LINK: daringfireball.net  ➚   |   Posted by: Joshua Benton   |   September 22, 2015

Daring Fireball’s John Gruber linked yesterday to a Sports Illustrated slideshow of baseball photos taken with the new iPhone 6s Plus. But he noted a technical problem:

In a small dose of irony, I had to disable content-blocking (long press the reload button in Mobile Safari’s location field) to get SI’s image gallery dingus to work.

In other words, the adblocking software Gruber has installed on his iPhone was also blocking the content.

Now, if a publisher chooses to do that — to block access to its content to those using adblockers — that’s its prerogative!
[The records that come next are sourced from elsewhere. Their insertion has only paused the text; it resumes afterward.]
(* Let $n\in\mathbb N$, $\tau\in\mathbb R$ with $t_n(\tau)>0$, and $u,v\in\mathbb R$. (1) The function $\mathbb R\ni\alpha\mapsto\mathrm{Re}\,\phi_{n,\tau}(\alpha+iy_{t_n(\tau),\mu_n}(\alpha),u)$ attains its unique local minimum at $\alpha=\mathrm{Re}\,w$, where $w=F_{t_n(\tau),\mu_n}\left(x_n(\tau)+\frac{u}{c_2n^{2/3}}\right)$; it is strictly decreasing for $\alpha<\mathrm{Re}\,w$ and strictly increasing for $\alpha>\mathrm{Re}\,w$. (2) For any $\alpha\in\mathbb R$, the function $[0,\infty)\ni\beta\mapsto\mathrm{Re}\,\phi_{n,\tau}(\alpha+i\beta,v)$ attains its unique local maximum at $\beta=y_{t_n(\tau),\mu_n}(\alpha)$, is strictly increasing for $0<\beta<y_{t_n(\tau),\mu_n}(\alpha)$ and strictly decreasing for $\beta>y_{t_n(\tau),\mu_n}(\alpha)$.
   Context: $\mu_n=\frac1n\sum_j\delta_{x_j^{(n)}}$ is a discrete probability measure; $g_{\mu_n}(z)=\int\log(z-s)d\mu_n(s)$ (principal branch, so $\mathrm{Re}\,g_{\mu_n}(z)=\int\log|z-s|d\mu_n(s)$); $G_{\mu_n}(z)=\int\frac{d\mu_n(s)}{z-s}$. Constants $t_{\rm cr}>0$, $c_2>0$, $G_0\in\mathbb R$, $x^*\in\mathbb R$ are fixed; $t_n(\tau)=t_{\rm cr}+\frac{2\tau}{c_2^2n^{1/3}}$, $x_n(\tau)=x^*+t_n(\tau)G_0$. Phase function: $\phi_{n,\tau}(z,v)=\frac{n}{2t_n(\tau)}\left(z-x_n(\tau)-\frac{v}{c_2n^{2/3}}\right)^2+ng_{\mu_n}(z)$. For $t>0$: $y_{t,\mu_n}(x)=\inf\{y>0:\int\frac{d\mu_n(s)}{(x-s)^2+y^2}\le\frac1t\}$, $H_{t,\mu_n}(z)=z+tG_{\mu_n}(z)$, which maps the curve $\{x+iy_{t,\mu_n}(x):x\in\mathbb R\}$ bijectively onto $\mathbb R$; $F_{t,\mu_n}$ is its inverse. *)

theory Defs
  imports "HOL-Analysis.Analysis" "HOL-Library.Extended_Real"
begin

text \<open>The discrete measure mu_n = (1/n) sum_{j<n} delta_{x j}; its atoms are x 0, ..., x (n-1).\<close>

definition Gmu :: "nat \<Rightarrow> (nat \<Rightarrow> real) \<Rightarrow> complex \<Rightarrow> complex" where
  "Gmu n x z = (\<Sum>j<n. 1 / (z - complex_of_real (x j))) / of_nat n"

definition gmu :: "nat \<Rightarrow> (nat \<Rightarrow> real) \<Rightarrow> complex \<Rightarrow> complex" where
  "gmu n x z = (\<Sum>j<n. Ln (z - complex_of_real (x j))) / of_nat n"

definition ymu :: "nat \<Rightarrow> (nat \<Rightarrow> real) \<Rightarrow> real \<Rightarrow> real \<Rightarrow> real" where
  "ymu n x t a = Inf {y. y > 0 \<and> (\<Sum>j<n. 1 / ((a - x j)^2 + y^2)) / real n \<le> 1 / t}"

definition Hmu :: "nat \<Rightarrow> (nat \<Rightarrow> real) \<Rightarrow> real \<Rightarrow> complex \<Rightarrow> complex" where
  "Hmu n x t z = z + complex_of_real t * Gmu n x z"

definition ycurve :: "nat \<Rightarrow> (nat \<Rightarrow> real) \<Rightarrow> real \<Rightarrow> complex set" where
  "ycurve n x t = {Complex a (ymu n x t a) | a. True}"

definition Fmu :: "nat \<Rightarrow> (nat \<Rightarrow> real) \<Rightarrow> real \<Rightarrow> real \<Rightarrow> complex" where
  "Fmu n x t u = (THE z. z \<in> ycurve n x t \<and> Hmu n x t z = complex_of_real u)"

definition tn :: "real \<Rightarrow> real \<Rightarrow> nat \<Rightarrow> real \<Rightarrow> real" where
  "tn tcr c2 n \<tau> = tcr + 2 * \<tau> / (c2^2 * real n powr (1/3))"

definition xn :: "real \<Rightarrow> real \<Rightarrow> real \<Rightarrow> real \<Rightarrow> nat \<Rightarrow> real \<Rightarrow> real" where
  "xn xstar G0 tcr c2 n \<tau> = xstar + tn tcr c2 n \<tau> * G0"

definition phi :: "nat \<Rightarrow> (nat \<Rightarrow> real) \<Rightarrow> real \<Rightarrow> real \<Rightarrow> real \<Rightarrow> real \<Rightarrow> real
                   \<Rightarrow> complex \<Rightarrow> real \<Rightarrow> complex" where
  "phi n x tcr c2 G0 xstar \<tau> z v =
     of_real (real n / (2 * tn tcr c2 n \<tau>)) *
       (z - of_real (xn xstar G0 tcr c2 n \<tau>) - of_real (v / (c2 * real n powr (2/3))))^2
     + of_nat n * gmu n x z"

text \<open>Re phi, as an extended real: equal to -infinity at the atoms of mu_n
  (where log|z - s| = -infinity), and Re (phi ...) elsewhere.\<close>
definition RePhi :: "nat \<Rightarrow> (nat \<Rightarrow> real) \<Rightarrow> real \<Rightarrow> real \<Rightarrow> real \<Rightarrow> real \<Rightarrow> real
                   \<Rightarrow> complex \<Rightarrow> real \<Rightarrow> ereal" where
  "RePhi n x tcr c2 G0 xstar \<tau> z v =
     (if \<exists>j<n. z = complex_of_real (x j) then -\<infinity>
      else ereal (Re (phi n x tcr c2 G0 xstar \<tau> z v)))"

definition is_local_min_on :: "real set \<Rightarrow> (real \<Rightarrow> 'b::linorder) \<Rightarrow> real \<Rightarrow> bool" where
  "is_local_min_on S f a \<longleftrightarrow> a \<in> S \<and> (\<exists>e>0. \<forall>b\<in>S. \<bar>b - a\<bar> < e \<longrightarrow> f a \<le> f b)"

definition is_local_max_on :: "real set \<Rightarrow> (real \<Rightarrow> 'b::linorder) \<Rightarrow> real \<Rightarrow> bool" where
  "is_local_max_on S f a \<longleftrightarrow> a \<in> S \<and> (\<exists>e>0. \<forall>b\<in>S. \<bar>b - a\<bar> < e \<longrightarrow> f b \<le> f a)"

end

theory Submission
  imports Defs "HOL-Computational_Algebra.Polynomial"
begin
It might be a smart choice that leads to whitelisting, or at least plants a few guilty feelings. Or it might just lead people to be angry with no positive outcomes! We’ll see.

My point here is that it should be a conscious choice, not the result of bad code.

(Justen Fox is a senior product manager at Vox Media. Acronym decoder: JS = JavaScript, DFP = Google’s ad platform DoubleClick for Publishers, NR = analytics platform New Relic. From a little Ghostery fiddling, it looks like it’s blocking DoubleClick that breaks the slideshow. I’ve also seen some wonky, broken behavior on some other news sites.)

Again, I’m not saying publishers shouldn’t feel free to deal with adblockers however they’d like; as an industry, it’s healthy for different publishers to respond in different ways so we can compare results. But it’s worth it to run through your site with adblockers on, desktop and mobile, just to see what that share of your audience is seeing. You need that information to make sound judgments.